• Exercise aim
Scan the records for the string "hyps", then copy each line that has it.

(Beginning of Dataset extract)

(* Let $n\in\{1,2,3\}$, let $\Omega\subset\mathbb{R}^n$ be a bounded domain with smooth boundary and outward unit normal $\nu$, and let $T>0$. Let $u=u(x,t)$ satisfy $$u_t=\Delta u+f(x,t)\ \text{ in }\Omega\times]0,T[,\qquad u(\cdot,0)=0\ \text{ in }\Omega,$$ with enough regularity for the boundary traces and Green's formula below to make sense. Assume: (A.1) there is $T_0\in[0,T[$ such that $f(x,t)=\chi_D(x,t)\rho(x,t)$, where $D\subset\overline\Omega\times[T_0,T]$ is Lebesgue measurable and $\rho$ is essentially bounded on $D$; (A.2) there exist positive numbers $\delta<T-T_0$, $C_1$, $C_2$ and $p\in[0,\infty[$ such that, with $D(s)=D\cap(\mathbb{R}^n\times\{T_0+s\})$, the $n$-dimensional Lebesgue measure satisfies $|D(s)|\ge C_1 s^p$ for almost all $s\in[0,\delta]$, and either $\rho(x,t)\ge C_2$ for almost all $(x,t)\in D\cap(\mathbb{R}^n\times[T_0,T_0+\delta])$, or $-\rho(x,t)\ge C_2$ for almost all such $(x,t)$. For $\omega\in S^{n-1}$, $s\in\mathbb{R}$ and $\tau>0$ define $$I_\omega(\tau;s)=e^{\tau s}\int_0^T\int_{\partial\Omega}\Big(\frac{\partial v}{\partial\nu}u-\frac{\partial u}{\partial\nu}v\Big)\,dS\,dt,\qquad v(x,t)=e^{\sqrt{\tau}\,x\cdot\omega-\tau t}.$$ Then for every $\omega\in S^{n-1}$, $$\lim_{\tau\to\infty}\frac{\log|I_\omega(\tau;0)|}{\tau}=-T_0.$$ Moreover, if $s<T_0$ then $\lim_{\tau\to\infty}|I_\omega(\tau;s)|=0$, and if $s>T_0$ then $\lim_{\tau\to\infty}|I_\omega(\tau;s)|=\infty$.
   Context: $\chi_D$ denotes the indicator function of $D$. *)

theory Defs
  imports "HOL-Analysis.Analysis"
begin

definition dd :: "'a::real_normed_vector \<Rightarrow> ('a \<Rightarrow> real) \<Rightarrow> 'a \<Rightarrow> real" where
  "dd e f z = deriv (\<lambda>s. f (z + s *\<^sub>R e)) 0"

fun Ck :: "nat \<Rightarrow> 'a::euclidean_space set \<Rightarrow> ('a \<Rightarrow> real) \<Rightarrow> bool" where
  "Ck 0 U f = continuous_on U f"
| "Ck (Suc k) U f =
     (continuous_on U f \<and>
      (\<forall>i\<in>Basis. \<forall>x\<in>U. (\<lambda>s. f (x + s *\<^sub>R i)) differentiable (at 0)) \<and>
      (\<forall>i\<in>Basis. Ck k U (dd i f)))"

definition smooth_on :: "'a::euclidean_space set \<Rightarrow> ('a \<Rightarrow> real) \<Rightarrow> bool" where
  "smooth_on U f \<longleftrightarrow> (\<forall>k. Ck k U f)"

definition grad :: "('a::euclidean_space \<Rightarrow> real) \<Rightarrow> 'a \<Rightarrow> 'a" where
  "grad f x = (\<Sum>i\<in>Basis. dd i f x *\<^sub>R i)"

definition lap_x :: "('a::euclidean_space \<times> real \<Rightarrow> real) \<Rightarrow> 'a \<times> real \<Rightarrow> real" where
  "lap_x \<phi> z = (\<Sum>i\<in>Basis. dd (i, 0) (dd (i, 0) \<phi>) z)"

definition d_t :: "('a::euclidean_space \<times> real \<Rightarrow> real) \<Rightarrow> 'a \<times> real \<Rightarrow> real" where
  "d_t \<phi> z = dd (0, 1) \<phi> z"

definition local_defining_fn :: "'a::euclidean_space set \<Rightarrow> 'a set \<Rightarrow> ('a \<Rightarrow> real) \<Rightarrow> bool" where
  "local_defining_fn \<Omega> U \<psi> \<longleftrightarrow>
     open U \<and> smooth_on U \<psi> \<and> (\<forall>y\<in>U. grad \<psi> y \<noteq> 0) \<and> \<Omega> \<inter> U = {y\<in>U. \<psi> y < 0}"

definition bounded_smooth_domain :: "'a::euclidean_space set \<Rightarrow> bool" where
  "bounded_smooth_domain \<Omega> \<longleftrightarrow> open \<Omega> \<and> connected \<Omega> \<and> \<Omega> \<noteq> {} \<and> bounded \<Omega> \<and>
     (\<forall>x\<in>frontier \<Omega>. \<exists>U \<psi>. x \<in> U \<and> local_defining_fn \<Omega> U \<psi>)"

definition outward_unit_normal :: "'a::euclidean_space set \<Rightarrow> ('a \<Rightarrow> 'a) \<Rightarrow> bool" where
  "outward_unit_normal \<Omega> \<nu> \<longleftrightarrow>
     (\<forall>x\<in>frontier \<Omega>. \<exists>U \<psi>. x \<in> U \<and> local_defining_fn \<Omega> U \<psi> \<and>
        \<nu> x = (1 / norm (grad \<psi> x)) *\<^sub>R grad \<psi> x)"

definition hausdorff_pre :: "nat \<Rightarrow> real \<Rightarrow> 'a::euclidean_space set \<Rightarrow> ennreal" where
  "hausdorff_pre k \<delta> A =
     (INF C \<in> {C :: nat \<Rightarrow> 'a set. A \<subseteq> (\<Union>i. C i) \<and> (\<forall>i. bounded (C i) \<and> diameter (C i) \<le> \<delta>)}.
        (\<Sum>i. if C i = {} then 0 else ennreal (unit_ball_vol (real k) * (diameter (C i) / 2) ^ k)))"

(End of Dataset extract)
(Beginning of Dataset extract)

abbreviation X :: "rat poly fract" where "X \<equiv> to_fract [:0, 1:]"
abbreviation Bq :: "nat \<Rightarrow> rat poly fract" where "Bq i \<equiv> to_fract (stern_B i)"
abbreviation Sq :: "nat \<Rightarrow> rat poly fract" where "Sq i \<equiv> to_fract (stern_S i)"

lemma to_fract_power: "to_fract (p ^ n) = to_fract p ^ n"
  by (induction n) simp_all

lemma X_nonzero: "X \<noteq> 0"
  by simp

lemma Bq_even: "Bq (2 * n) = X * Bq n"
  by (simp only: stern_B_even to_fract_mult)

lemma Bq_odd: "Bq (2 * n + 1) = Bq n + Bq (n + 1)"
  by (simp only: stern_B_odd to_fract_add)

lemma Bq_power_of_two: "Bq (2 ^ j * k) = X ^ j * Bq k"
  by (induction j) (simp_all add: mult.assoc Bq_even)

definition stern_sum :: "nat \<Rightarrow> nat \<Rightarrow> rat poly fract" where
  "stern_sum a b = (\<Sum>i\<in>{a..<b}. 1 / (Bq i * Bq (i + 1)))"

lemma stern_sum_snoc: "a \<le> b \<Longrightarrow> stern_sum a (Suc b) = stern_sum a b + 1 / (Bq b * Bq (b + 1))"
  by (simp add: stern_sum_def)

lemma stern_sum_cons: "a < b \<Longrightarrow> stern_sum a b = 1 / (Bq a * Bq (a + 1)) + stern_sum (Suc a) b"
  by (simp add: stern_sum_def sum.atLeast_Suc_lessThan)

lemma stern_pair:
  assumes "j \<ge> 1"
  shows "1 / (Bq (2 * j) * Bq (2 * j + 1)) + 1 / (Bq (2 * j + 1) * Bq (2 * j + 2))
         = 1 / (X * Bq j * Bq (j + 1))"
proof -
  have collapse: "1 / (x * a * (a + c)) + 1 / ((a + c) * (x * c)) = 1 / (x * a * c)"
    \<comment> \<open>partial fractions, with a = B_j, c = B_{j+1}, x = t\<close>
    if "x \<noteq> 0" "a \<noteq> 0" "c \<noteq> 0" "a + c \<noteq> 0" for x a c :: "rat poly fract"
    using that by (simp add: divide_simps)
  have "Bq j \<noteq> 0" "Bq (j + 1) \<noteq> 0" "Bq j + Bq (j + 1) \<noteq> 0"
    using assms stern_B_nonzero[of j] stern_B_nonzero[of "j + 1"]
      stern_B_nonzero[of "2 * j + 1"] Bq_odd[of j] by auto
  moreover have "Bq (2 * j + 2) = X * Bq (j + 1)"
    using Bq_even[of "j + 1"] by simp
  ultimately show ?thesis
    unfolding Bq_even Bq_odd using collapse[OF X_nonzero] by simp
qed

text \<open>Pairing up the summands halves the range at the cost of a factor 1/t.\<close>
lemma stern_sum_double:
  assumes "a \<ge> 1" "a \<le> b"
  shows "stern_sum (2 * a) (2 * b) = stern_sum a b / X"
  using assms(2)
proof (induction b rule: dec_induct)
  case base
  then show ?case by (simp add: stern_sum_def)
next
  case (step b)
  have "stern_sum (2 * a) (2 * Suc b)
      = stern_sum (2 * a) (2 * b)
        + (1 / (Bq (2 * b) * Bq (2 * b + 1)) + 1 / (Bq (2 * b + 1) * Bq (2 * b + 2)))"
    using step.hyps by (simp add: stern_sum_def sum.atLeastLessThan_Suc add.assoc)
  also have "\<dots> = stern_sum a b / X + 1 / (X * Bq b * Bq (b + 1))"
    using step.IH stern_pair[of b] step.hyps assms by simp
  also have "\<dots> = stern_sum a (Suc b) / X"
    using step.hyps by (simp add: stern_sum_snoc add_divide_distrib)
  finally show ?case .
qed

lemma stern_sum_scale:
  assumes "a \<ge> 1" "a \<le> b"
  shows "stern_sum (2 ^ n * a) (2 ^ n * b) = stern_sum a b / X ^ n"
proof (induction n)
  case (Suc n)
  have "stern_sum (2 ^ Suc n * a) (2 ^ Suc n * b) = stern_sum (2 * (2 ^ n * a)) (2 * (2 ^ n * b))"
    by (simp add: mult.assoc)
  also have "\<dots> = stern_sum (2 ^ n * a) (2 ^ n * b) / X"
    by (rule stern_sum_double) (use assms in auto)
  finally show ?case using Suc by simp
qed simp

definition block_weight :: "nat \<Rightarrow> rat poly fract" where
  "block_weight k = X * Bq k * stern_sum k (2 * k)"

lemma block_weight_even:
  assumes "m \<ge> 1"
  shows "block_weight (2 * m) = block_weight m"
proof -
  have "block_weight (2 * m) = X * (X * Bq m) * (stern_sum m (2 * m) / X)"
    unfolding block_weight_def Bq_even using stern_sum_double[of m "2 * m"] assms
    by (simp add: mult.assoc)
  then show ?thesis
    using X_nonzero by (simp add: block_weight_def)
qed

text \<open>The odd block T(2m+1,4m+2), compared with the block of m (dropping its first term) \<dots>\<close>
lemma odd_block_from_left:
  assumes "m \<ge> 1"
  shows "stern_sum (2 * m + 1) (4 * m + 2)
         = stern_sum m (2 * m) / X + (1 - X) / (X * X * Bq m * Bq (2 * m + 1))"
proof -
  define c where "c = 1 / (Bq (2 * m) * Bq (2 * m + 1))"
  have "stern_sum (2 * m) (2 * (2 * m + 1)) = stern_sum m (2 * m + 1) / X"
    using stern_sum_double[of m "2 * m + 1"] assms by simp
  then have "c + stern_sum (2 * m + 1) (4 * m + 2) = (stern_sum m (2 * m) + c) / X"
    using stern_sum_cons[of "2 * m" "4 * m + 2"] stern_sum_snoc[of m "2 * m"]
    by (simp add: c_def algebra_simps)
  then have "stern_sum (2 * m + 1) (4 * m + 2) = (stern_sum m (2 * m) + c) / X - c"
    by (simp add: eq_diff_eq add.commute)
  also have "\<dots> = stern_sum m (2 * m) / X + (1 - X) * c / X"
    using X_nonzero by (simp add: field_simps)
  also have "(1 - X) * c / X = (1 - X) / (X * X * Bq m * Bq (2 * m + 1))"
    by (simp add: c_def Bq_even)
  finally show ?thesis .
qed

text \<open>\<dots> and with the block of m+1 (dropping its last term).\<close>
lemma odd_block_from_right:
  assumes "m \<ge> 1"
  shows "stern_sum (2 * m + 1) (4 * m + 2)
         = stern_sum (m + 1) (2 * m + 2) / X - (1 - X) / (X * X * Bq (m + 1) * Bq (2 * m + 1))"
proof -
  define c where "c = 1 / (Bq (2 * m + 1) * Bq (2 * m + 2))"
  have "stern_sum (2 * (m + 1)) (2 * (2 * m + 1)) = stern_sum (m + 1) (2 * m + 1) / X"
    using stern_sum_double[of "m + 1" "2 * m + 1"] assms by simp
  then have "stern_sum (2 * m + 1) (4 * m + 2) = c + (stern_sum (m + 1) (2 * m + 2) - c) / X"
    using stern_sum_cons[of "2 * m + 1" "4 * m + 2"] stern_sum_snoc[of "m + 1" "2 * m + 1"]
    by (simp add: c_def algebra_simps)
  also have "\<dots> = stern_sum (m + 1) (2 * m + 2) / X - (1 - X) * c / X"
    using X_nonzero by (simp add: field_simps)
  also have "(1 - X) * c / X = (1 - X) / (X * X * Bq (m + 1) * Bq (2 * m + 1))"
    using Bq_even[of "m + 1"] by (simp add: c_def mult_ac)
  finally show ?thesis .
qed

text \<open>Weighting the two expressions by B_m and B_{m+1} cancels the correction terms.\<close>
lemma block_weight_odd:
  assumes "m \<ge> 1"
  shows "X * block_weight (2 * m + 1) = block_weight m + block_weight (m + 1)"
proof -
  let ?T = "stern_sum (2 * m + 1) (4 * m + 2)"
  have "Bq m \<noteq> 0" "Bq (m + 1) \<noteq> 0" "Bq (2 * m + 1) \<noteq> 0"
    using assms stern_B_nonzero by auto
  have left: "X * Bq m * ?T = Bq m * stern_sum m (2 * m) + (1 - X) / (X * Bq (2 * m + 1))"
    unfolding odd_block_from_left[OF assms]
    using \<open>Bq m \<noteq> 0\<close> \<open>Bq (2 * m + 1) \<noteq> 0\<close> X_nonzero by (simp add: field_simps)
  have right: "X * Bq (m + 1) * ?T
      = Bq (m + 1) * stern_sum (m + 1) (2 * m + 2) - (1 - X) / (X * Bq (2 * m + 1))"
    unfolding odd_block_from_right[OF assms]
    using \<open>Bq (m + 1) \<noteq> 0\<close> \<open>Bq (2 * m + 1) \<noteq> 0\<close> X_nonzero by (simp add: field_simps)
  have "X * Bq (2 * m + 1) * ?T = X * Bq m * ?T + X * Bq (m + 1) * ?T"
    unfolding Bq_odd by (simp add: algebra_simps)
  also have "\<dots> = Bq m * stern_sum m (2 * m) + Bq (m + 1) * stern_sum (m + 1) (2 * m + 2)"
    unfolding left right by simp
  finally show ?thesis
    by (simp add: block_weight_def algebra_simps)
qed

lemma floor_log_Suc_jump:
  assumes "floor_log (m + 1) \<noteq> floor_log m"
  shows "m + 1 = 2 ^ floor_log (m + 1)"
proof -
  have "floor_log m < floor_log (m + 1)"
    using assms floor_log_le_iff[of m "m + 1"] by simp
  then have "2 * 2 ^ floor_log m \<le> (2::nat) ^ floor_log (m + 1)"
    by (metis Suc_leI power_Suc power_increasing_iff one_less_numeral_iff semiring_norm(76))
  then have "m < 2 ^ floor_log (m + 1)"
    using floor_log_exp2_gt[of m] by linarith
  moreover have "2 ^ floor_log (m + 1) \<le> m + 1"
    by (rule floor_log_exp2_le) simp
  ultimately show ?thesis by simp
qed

(End of Dataset extract)
(Beginning of Dataset extract)

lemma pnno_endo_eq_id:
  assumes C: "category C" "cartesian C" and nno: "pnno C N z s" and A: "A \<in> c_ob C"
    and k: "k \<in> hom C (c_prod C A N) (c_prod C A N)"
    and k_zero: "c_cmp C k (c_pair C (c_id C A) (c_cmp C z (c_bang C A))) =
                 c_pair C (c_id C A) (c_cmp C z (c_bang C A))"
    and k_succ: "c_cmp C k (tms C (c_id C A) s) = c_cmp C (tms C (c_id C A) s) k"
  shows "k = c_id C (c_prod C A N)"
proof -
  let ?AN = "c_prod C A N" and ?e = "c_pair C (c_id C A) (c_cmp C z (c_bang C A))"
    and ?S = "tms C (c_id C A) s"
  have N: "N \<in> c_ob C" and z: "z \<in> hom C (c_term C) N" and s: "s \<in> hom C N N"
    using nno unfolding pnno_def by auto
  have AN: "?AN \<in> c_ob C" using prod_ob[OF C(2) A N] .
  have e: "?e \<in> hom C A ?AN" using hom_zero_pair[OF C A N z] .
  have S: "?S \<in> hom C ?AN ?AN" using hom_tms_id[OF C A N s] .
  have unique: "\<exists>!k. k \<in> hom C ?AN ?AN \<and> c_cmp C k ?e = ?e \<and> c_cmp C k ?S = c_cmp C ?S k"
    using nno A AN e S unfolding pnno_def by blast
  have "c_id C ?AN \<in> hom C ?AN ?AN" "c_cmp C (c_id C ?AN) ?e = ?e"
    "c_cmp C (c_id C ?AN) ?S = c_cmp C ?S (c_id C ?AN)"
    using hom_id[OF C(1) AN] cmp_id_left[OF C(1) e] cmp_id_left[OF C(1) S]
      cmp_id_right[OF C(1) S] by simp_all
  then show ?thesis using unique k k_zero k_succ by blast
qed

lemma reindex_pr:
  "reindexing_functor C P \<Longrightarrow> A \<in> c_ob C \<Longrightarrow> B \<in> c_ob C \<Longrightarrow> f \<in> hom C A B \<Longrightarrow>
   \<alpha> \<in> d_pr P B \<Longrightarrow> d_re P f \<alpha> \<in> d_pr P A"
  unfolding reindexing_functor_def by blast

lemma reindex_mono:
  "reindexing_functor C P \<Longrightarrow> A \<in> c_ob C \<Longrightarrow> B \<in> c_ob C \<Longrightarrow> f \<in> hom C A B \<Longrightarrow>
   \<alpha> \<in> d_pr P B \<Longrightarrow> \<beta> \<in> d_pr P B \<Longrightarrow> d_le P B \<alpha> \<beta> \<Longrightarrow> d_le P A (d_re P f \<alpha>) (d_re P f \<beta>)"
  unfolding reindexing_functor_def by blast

(End of Dataset extract)

• Answer section
    using step.hyps by (simp add: stern_sum_def sum.atLeastLessThan_Suc add.assoc)
    using step.IH stern_pair[of b] step.hyps assms by simp
    using step.hyps by (simp add: stern_sum_snoc add_divide_distrib)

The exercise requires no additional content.